Od jazzu do bluesa
Gdyby tak prześledzić muzyczną wędrówkę kilkunastu losowo wybranych gitarzystów, można by stwierdzić, że wielu z nich rozpoczynało swoją przygodę od rocka i bluesa.
Niektórzy z nich na tej drodze odkrywali wiele nowych dźwięków. To właśnie one, wskazując jednocześnie kierunek dalszego rozwoju, stopniowo zaszczepiały im zamiłowanie do jazzu. Czasem to jednak przypadek potrafi zadecydować o tym, co i jak będziemy grali.
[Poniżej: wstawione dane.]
lemma picard_step_bound:
  assumes p: "continuous_on UNIV p" and bound: "\<And>t. a \<le> t \<Longrightarrow> \<bar>p t\<bar> \<le> K" and "0 \<le> K"
    and "a \<le> x"
  shows "\<bar>fst (picard p a (Suc k)) x - fst (picard p a k) x\<bar>
       + \<bar>snd (picard p a (Suc k)) x - snd (picard p a k) x\<bar> \<le> ((1 + K) * (x - a)) ^ Suc k / fact (Suc k)"
  using \<open>a \<le> x\<close>
proof (induction k arbitrary: x)
  case 0
  have "(x - a) * 1 \<le> (x - a) * (1 + K)" using 0 \<open>0 \<le> K\<close> by (intro mult_left_mono) auto
  then show ?case using 0 by (simp add: mult.commute)
next
  case (Suc k)
  define dy where "dy s = fst (picard p a (Suc k)) s - fst (picard p a k) s" for s
  define dv where "dv s = snd (picard p a (Suc k)) s - snd (picard p a k) s" for s
  have cont: "continuous_on {a..x} dy" "continuous_on {a..x} dv" "continuous_on {a..x} p"
    using picard_continuous[OF p, of a x k] picard_continuous[OF p, of a x "Suc k"] p
    unfolding dy_def dv_def
    by (auto intro!: continuous_intros intro: continuous_on_subset simp del: picard.simps)
  have "\<bar>integral {a..x} dv\<bar> + \<bar>integral {a..x} (\<lambda>s. p s * dy s)\<bar>
      \<le> integral {a..x} (\<lambda>s. \<bar>dv s\<bar>) + integral {a..x} (\<lambda>s. K * \<bar>dy s\<bar>)"
  proof (intro add_mono)
    show "\<bar>integral {a..x} dv\<bar> \<le> integral {a..x} (\<lambda>s. \<bar>dv s\<bar>)"
      using integral_norm_bound_integral[of dv "{a..x}" "\<lambda>s. \<bar>dv s\<bar>"] cont
      by (simp add: integrable_continuous_real continuous_intros)
    show "\<bar>integral {a..x} (\<lambda>s. p s * dy s)\<bar> \<le> integral {a..x} (\<lambda>s. K * \<bar>dy s\<bar>)"
      using integral_norm_bound_integral[of "\<lambda>s. p s * dy s" "{a..x}" "\<lambda>s. K * \<bar>dy s\<bar>"] cont bound
      by (simp add: integrable_continuous_real continuous_intros abs_mult mult_right_mono)
  qed
  also have "\<dots> = integral {a..x} (\<lambda>s. \<bar>dv s\<bar> + K * \<bar>dy s\<bar>)"
    using cont by (simp add: integral_add integrable_continuous_real continuous_intros)
  also have "\<dots> \<le> integral {a..x} (\<lambda>s. (1 + K) * (((1 + K) * (s - a)) ^ Suc k / fact (Suc k)))"
  proof (rule integral_le)
    fix s assume s: "s \<in> {a..x}"
    have "\<bar>dv s\<bar> + K * \<bar>dy s\<bar> \<le> (1 + K) * (\<bar>dy s\<bar> + \<bar>dv s\<bar>)"
      using \<open>0 \<le> K\<close> by (simp add: algebra_simps)
    also have "\<dots> \<le> (1 + K) * (((1 + K) * (s - a)) ^ Suc k / fact (Suc k))"
      using Suc.IH[of s] s \<open>0 \<le> K\<close> unfolding dy_def dv_def by (intro mult_left_mono) auto
    finally show "\<bar>dv s\<bar> + K * \<bar>dy s\<bar> \<le> (1 + K) * (((1 + K) * (s - a)) ^ Suc k / fact (Suc k))" .
  qed (use cont in \<open>auto intro!: integrable_continuous_real continuous_intros\<close>)
  also have "\<dots> = ((1 + K) * (x - a)) ^ Suc (Suc k) / fact (Suc (Suc k))"
    using has_integral_power_div_fact[OF Suc.prems] by (rule integral_unique)
  finally show ?case unfolding picard_Suc_diff[OF p] dy_def dv_def .
qed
Może to być na przykład nowe środowisko, w którym się nagle znajdziemy, a które głęboko nas zainspiruje do podjęcia konkretnych działań. Piszę o tym, ponieważ bohaterem tego warsztatu jest bluesowy gitarzysta, który właśnie z taką sytuacją się spotkał, a chwila ta zadecydowała o jego dalszych muzycznych poczynaniach. I nie byłoby w tym nic zaskakującego, gdyby nie fakt, że na początku grał jazz... Horvath, to właściwe nazwisko Ronniego Earla. Od najmłodszych lat interesowała go muzyka jazzowa, a wolny czas spędzał głównie w klubach muzycznych. Około roku 1975, zauroczony nutą jazzową, przypadkowo trafił do bostońskiego klubu bluesowego, gdzie akurat na żywo grał Muddy Waters. Po tym koncercie Ronnie Earl postanowił odstawić fortepian i rozpocząć naukę gry na gitarze. Twórczość Wesa Montgomery’ego, Charlesa Mingusa oraz Johna Coltrane’a, której do tej pory się oddawał, na dobre zaczyna ożywać perełkami z muzyki m.in. B.B. Kinga, Buddy’ego Guya oraz T-Bone’a Walkera. Warto wspomnieć, że do chwili obecnej Ronnie Earl już dwukrotnie (1997, 1998) otrzymał nagrodę W.C. Handy’ego dla najlepszego bluesowego gitarzysty roku. Przejdźmy zatem do przykładów, które wprowadzą w styl gry Ronniego Earla. PRZYKŁAD 1 ilustruje często spotykany u Ronniego bluesowy groove.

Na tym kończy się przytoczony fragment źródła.